Hello! Just making a post to go along with the OHwA interview.
First I wanted to talk about feature neutralisation. In the picture above the X axis represents the value of a dummy feature and the Y axis represents the predicted value, the blue line represents the original unmodified model fitted to this data. You can see that the original prediction is heavily modified when performing feature neutralisation; the prediction changes from a strictly monotonically increasing function to a function which is decreasing for 80% of the values. To me this is something which we would not want in our modelling.
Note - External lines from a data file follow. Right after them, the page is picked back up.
(*
  Both networks have the form W h, where the output matrix W has i.i.d. N(0, tau^2) entries and
  the activation vector h depends only on the hidden-layer weights, hence is independent of W.
  So E[W_ja W_j'a' h_a h_a'] vanishes unless (j, a) = (j', a'), and
  E |P W h|^2 = |P|_F^2 tau^2 sum_a E[h_a^2], where |P|_F^2 = tr (P^T P) = tr P = rank P for an
  orthogonal projector.  Each pre-activation (W x)_a is a linear combination of independent
  centred Gaussians, hence distributed as G_nu.  This gives E[h_a^2] = E phi(G_nu)^2 for the
  single branch, and E[psi(g)^2 u^2] = E psi(G_nu)^2 * nu for the gated branch, whose gate and
  up rows are independent.
*)

lemma orthogonal_projector_expansion:
  fixes P :: "real^'n^'n"
  assumes sym: "transpose P = P" and idem: "P ** P = P"
    and orth: "pairwise orthogonal B" and unit: "\<And>b. b \<in> B \<Longrightarrow> norm b = 1"
    and fin: "finite B" and span_B: "span B = range ((*v) P)"
  shows "P *v v = (\<Sum>b\<in>B. inner b v *\<^sub>R b)"
proof -
  have fixed: "P *v b = b" if "b \<in> B" for b
  proof -
    have "b \<in> range ((*v) P)"
      using span_base[OF that] by (simp add: span_B)
    then obtain z where "b = P *v z" by blast
    then show ?thesis by (simp add: matrix_vector_mul_assoc idem)
  qed
  have self_adjoint: "inner (P *v z) w = inner z (P *v w)" for z w
    by (metis dot_lmul_matrix sym vector_transpose_matrix)
  have inner_B: "inner b b' = (if b = b' then 1 else 0)" if "b \<in> B" "b' \<in> B" for b b'
    using orth unit that by (auto simp: pairwise_def orthogonal_def power2_norm_eq_inner[symmetric])
  define w where "w = P *v v - (\<Sum>b\<in>B. inner b v *\<^sub>R b)"
  have "P *v v \<in> span B" by (simp add: span_B)
  moreover have "(\<Sum>b\<in>B. inner b v *\<^sub>R b) \<in> span B"
    by (intro span_sum span_scale span_base)
  ultimately have w_span: "w \<in> span B" unfolding w_def by (rule span_diff)
  have "orthogonal w b" if "b \<in> B" for b
  proof -
    have "inner b (P *v v) = inner b v"
      using self_adjoint[of b v] fixed[OF that] by simp
    moreover have "inner b (\<Sum>b'\<in>B. inner b' v *\<^sub>R b') = inner b v"
      using that fin by (simp add: inner_sum_right inner_B if_distrib cong: if_cong)
    ultimately show ?thesis unfolding w_def orthogonal_def
      by (simp add: inner_diff_right inner_commute)
  qed
  then have "orthogonal w w" by (rule orthogonal_to_span[OF w_span])
  then show ?thesis by (simp add: orthogonal_def w_def)
qed

lemma sum_sq_entries_orthogonal_projector:
  fixes P :: "real^'n^'n"
  assumes sym: "transpose P = P" and idem: "P ** P = P"
  shows "(\<Sum>k\<in>UNIV. \<Sum>j\<in>UNIV. (P$k$j)\<^sup>2) = real (rank P)"
proof -
  have "subspace (range ((*v) P))"
    by (intro linear_subspace_image matrix_vector_mul_linear subspace_UNIV)
  then obtain B where orth: "pairwise orthogonal B" and unit: "\<And>b. b \<in> B \<Longrightarrow> norm b = 1"
    and indep: "independent B" and card_B: "card B = dim (range ((*v) P))"
    and span_B: "span B = range ((*v) P)"
    using orthonormal_basis_subspace by metis
  have fin: "finite B" using indep independent_imp_finite by blast
  have diag: "P$j$j = (\<Sum>b\<in>B. (b$j)\<^sup>2)" for j
  proof -
    have "P$j$j = (P *v axis j 1)$j"
      by (simp add: matrix_vector_mult_def axis_def if_distrib cong: if_cong)
    also have "\<dots> = (\<Sum>b\<in>B. inner b (axis j 1) * b$j)"
      by (simp add: orthogonal_projector_expansion[OF sym idem orth unit fin span_B])
    also have "\<dots> = (\<Sum>b\<in>B. (b$j)\<^sup>2)"
      by (simp add: cart_eq_inner_axis[symmetric] power2_eq_square)
    finally show ?thesis .
  qed
  have "(\<Sum>k\<in>UNIV. \<Sum>j\<in>UNIV. (P$k$j)\<^sup>2) = (\<Sum>j\<in>UNIV. (transpose P ** P)$j$j)"
    by (subst sum.swap) (simp add: matrix_matrix_mult_def transpose_def power2_eq_square)
  also have "\<dots> = (\<Sum>j\<in>UNIV. \<Sum>b\<in>B. (b$j)\<^sup>2)"
    by (simp add: sym idem diag)
  also have "\<dots> = (\<Sum>b\<in>B. inner b b)"
    by (subst sum.swap) (simp add: inner_vec_def power2_eq_square)
  also have "\<dots> = (\<Sum>b\<in>B. 1)"
    by (intro sum.cong refl) (metis unit power2_norm_eq_inner power_one)
  also have "\<dots> = real (rank P)"
    using card_B by (simp add: rank_dim_range)
  finally show ?thesis .
qed

lemma normal_density_second_moment:
  assumes "\<sigma> > 0"
  shows "integrable lborel (\<lambda>t. normal_density 0 \<sigma> t * t\<^sup>2)"
    and "(\<integral>t. normal_density 0 \<sigma> t * t\<^sup>2 \<partial>lborel) = \<sigma>\<^sup>2"
  using integrable_normal_moment[of \<sigma> 0 2] integral_normal_moment_even[of \<sigma> 0 1] assms
  by (simp_all add: fact_numeral)

lemma gauss_meas_second_moment:
  assumes "v \<ge> 0"
  shows "integrable (gauss_meas v) (\<lambda>t. t\<^sup>2)" and "(\<integral>t. t\<^sup>2 \<partial>gauss_meas v) = v"
proof -
  have "integrable (gauss_meas v) (\<lambda>t. t\<^sup>2) \<and> (\<integral>t. t\<^sup>2 \<partial>gauss_meas v) = v"
  proof (cases "v > 0")
    case True
    then show ?thesis
      using normal_density_second_moment[of "sqrt v"]
      by (simp add: gauss_meas_def integrable_density integral_density)
  next
    case False
    with assms have "v = 0" by simp
    interpret prob_space "return lborel (0::real)"
      by (rule prob_space_return) simp
    have "integrable (return lborel (0::real)) (\<lambda>t. t\<^sup>2)"
      by (rule integrable_const_bound[where B=0]) (auto simp: AE_return)
    then show ?thesis using \<open>v = 0\<close> by (simp add: gauss_meas_def integral_return)
  qed
  then show "integrable (gauss_meas v) (\<lambda>t. t\<^sup>2)" "(\<integral>t. t\<^sup>2 \<partial>gauss_meas v) = v"
    by simp_all
qed

lemma (in prob_space) centered_normal_moments:
  assumes D: "distributed M lborel Z (normal_density 0 s)" and s: "s > 0"
  shows "integrable M Z" and "expectation Z = 0"
    and "integrable M (\<lambda>\<omega>. (Z \<omega>)\<^sup>2)" and "expectation (\<lambda>\<omega>. (Z \<omega>)\<^sup>2) = s\<^sup>2"
  using distributed_integrable[OF D, of "\<lambda>t. t"] distributed_integrable[OF D, of "\<lambda>t. t\<^sup>2"]
    distributed_integral[OF D, of "\<lambda>t. t\<^sup>2"] normal_distributed_expectation[OF s D]
    integrable_normal_moment_nz_1[OF s, of 0] normal_density_second_moment[OF s]
  by simp_all

lemma integrable_mult_if_square_integrable:
  fixes f g :: "'a \<Rightarrow> real"
  assumes "integrable M (\<lambda>x. (f x)\<^sup>2)" "integrable M (\<lambda>x. (g x)\<^sup>2)"
    and [measurable]: "f \<in> borel_measurable M" "g \<in> borel_measurable M"
  shows "integrable M (\<lambda>x. f x * g x)"
proof (rule Bochner_Integration.integrable_bound)
  show "integrable M (\<lambda>x. (f x)\<^sup>2 + (g x)\<^sup>2)" using assms by simp
  have "\<bar>f x * g x\<bar> \<le> (f x)\<^sup>2 + (g x)\<^sup>2" for x
  proof -
    have "2 * (\<bar>f x\<bar> * \<bar>g x\<bar>) \<le> (f x)\<^sup>2 + (g x)\<^sup>2"
      using sum_squares_bound[of "\<bar>f x\<bar>" "\<bar>g x\<bar>"] by (simp add: mult.assoc)
    moreover have "0 \<le> \<bar>f x\<bar> * \<bar>g x\<bar>" by simp
    ultimately show ?thesis unfolding abs_mult by linarith
  qed
  then show "AE x in M. norm (f x * g x) \<le> norm ((f x)\<^sup>2 + (g x)\<^sup>2)" by simp
qed simp

lemma (in prob_space) indep_vars_reindex_inj:
  assumes ind: "indep_vars (\<lambda>_. borel) X UNIV" and inj: "inj f"
  shows "indep_vars (\<lambda>_. borel) (\<lambda>j. X (f j)) UNIV"
proof -
  have "indep_vars (\<lambda>j. PiM {f j} (\<lambda>_. borel)) (\<lambda>j \<omega>. restrict (\<lambda>i. X i \<omega>) {f j}) UNIV"
    by (rule indep_vars_restrict[OF ind]) (auto simp: disjoint_family_on_def inj_eq[OF inj])
  then have "indep_vars (\<lambda>_. borel) (\<lambda>j \<omega>. (\<lambda>g. g (f j)) (restrict (\<lambda>i. X i \<omega>) {f j})) UNIV"
    by (rule indep_vars_compose2) (auto intro: measurable_component_singleton)
  then show ?thesis by simp
qed

lemma (in prob_space) indep_var_restrict_compose:
  assumes "indep_vars (\<lambda>_. borel) X UNIV" and "A \<inter> B = {}"
    and "f \<in> borel_measurable (PiM A (\<lambda>_. borel))" and "g \<in> borel_measurable (PiM B (\<lambda>_. borel))"
  shows "indep_var borel (\<lambda>\<omega>. f (restrict (\<lambda>i. X i \<omega>) A)) borel (\<lambda>\<omega>. g (restrict (\<lambda>i. X i \<omega>) B))"
  using indep_var_compose[OF indep_var_restrict[OF assms(1,2)] assms(3,4)] by (simp add: comp_def)

lemma (in prob_space) distr_gaussian_row:
  fixes X :: "'i \<Rightarrow> 'a \<Rightarrow> real" and R :: "'d::finite \<Rightarrow> 'i" and x :: "real^'d"
  assumes ind: "indep_vars (\<lambda>_. borel) X UNIV" and inj: "inj R" and \<sigma>: "\<sigma> > 0"
    and dist: "\<And>l. distributed M lborel (X (R l)) (normal_density 0 \<sigma>)"
  shows "distr M lborel (\<lambda>\<omega>. \<Sum>l\<in>UNIV. X (R l) \<omega> * x$l) = gauss_meas (\<sigma>\<^sup>2 * (norm x)\<^sup>2)"
proof (cases "x = 0")
  case True
  then show ?thesis by (simp add: gauss_meas_def)
next
  case False
  define L where "L = {l. x$l \<noteq> 0}"
  have "L \<noteq> {}" using False by (auto simp: L_def vec_eq_iff)
  moreover have "indep_vars (\<lambda>_. borel) (\<lambda>l \<omega>. x$l * X (R l) \<omega>) L"
    using indep_vars_compose2[OF indep_vars_reindex_inj[OF ind inj], of "\<lambda>l t. x$l * t" "\<lambda>_. borel"]
    by (auto intro: indep_vars_subset)
  moreover have "distributed M lborel (\<lambda>\<omega>. x$l * X (R l) \<omega>) (normal_density 0 (\<bar>x$l\<bar> * \<sigma>))"
    if "l \<in> L" for l
    using normal_density_affine[OF dist \<sigma>, of "x$l" 0 l] that by (simp add: L_def)
  ultimately have "distributed M lborel (\<lambda>\<omega>. \<Sum>l\<in>L. x$l * X (R l) \<omega>)
      (normal_density (\<Sum>l\<in>L. 0) (sqrt (\<Sum>l\<in>L. (\<bar>x$l\<bar> * \<sigma>)\<^sup>2)))"
    by (intro sum_indep_normal) (auto simp: L_def \<sigma>)
  moreover have "(\<lambda>\<omega>. \<Sum>l\<in>L. x$l * X (R l) \<omega>) = (\<lambda>\<omega>. \<Sum>l\<in>UNIV. X (R l) \<omega> * x$l)"
    by (intro ext sum.mono_neutral_cong_left) (auto simp: L_def mult.commute)
  moreover have "(\<Sum>l\<in>L. (\<bar>x$l\<bar> * \<sigma>)\<^sup>2) = \<sigma>\<^sup>2 * (norm x)\<^sup>2"
  proof -
    have "(\<Sum>l\<in>L. (\<bar>x$l\<bar> * \<sigma>)\<^sup>2) = (\<Sum>l\<in>UNIV. (\<bar>x$l\<bar> * \<sigma>)\<^sup>2)"
      by (intro sum.mono_neutral_left) (auto simp: L_def)
    also have "\<dots> = \<sigma>\<^sup>2 * (\<Sum>l\<in>UNIV. x$l * x$l)"
      by (simp add: sum_distrib_left power_mult_distrib power2_eq_square mult_ac)
    finally show ?thesis by (simp add: power2_norm_eq_inner inner_vec_def)
  qed
  moreover have "\<sigma>\<^sup>2 * (norm x)\<^sup>2 > 0" using \<sigma> False by simp
  ultimately show ?thesis
    by (simp add: distributed_def gauss_meas_def)
qed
In the next image we see a symmetric prediction. For this kind of prediction feature neutralisation changes nothing about the rank of the predictions for the values of the dummy feature and so does not perform any kind of risk avoidance. I see no reason why this kind of prediction would be deemed less risky than the first and yet feature neutralisation does nothing to address this.
To address both of these concerns I propose a new method, I will call this one hot exposure clipping (not very catchy so I’m very open to new names). The idea behind this is to make new features which represent the non linear predictions of particular features we deem ourselves to be overexposed to and neutralise based on these rather than the original features. I’m working on a prototype for this and will explain further in a future post.
Lastly I want to briefly mention autocorrelation, or how to predict when a feature will perform well. Below you see two histograms, the left represents the autocorrelations of 310 random number sequences, the right represents the autocorrelations of sequences derived by calculating the correlation of each of the 310 Numerai feature columns with the target for each training round. As you can see there is not much difference, this is presented to warn against assuming you have found a particular feature to be autocorrelated just because you have a statistically significant result. I still believe there may be some way to predict when a feature is going to do well but there is much more work to do.
Thanks for reading and happy modelling!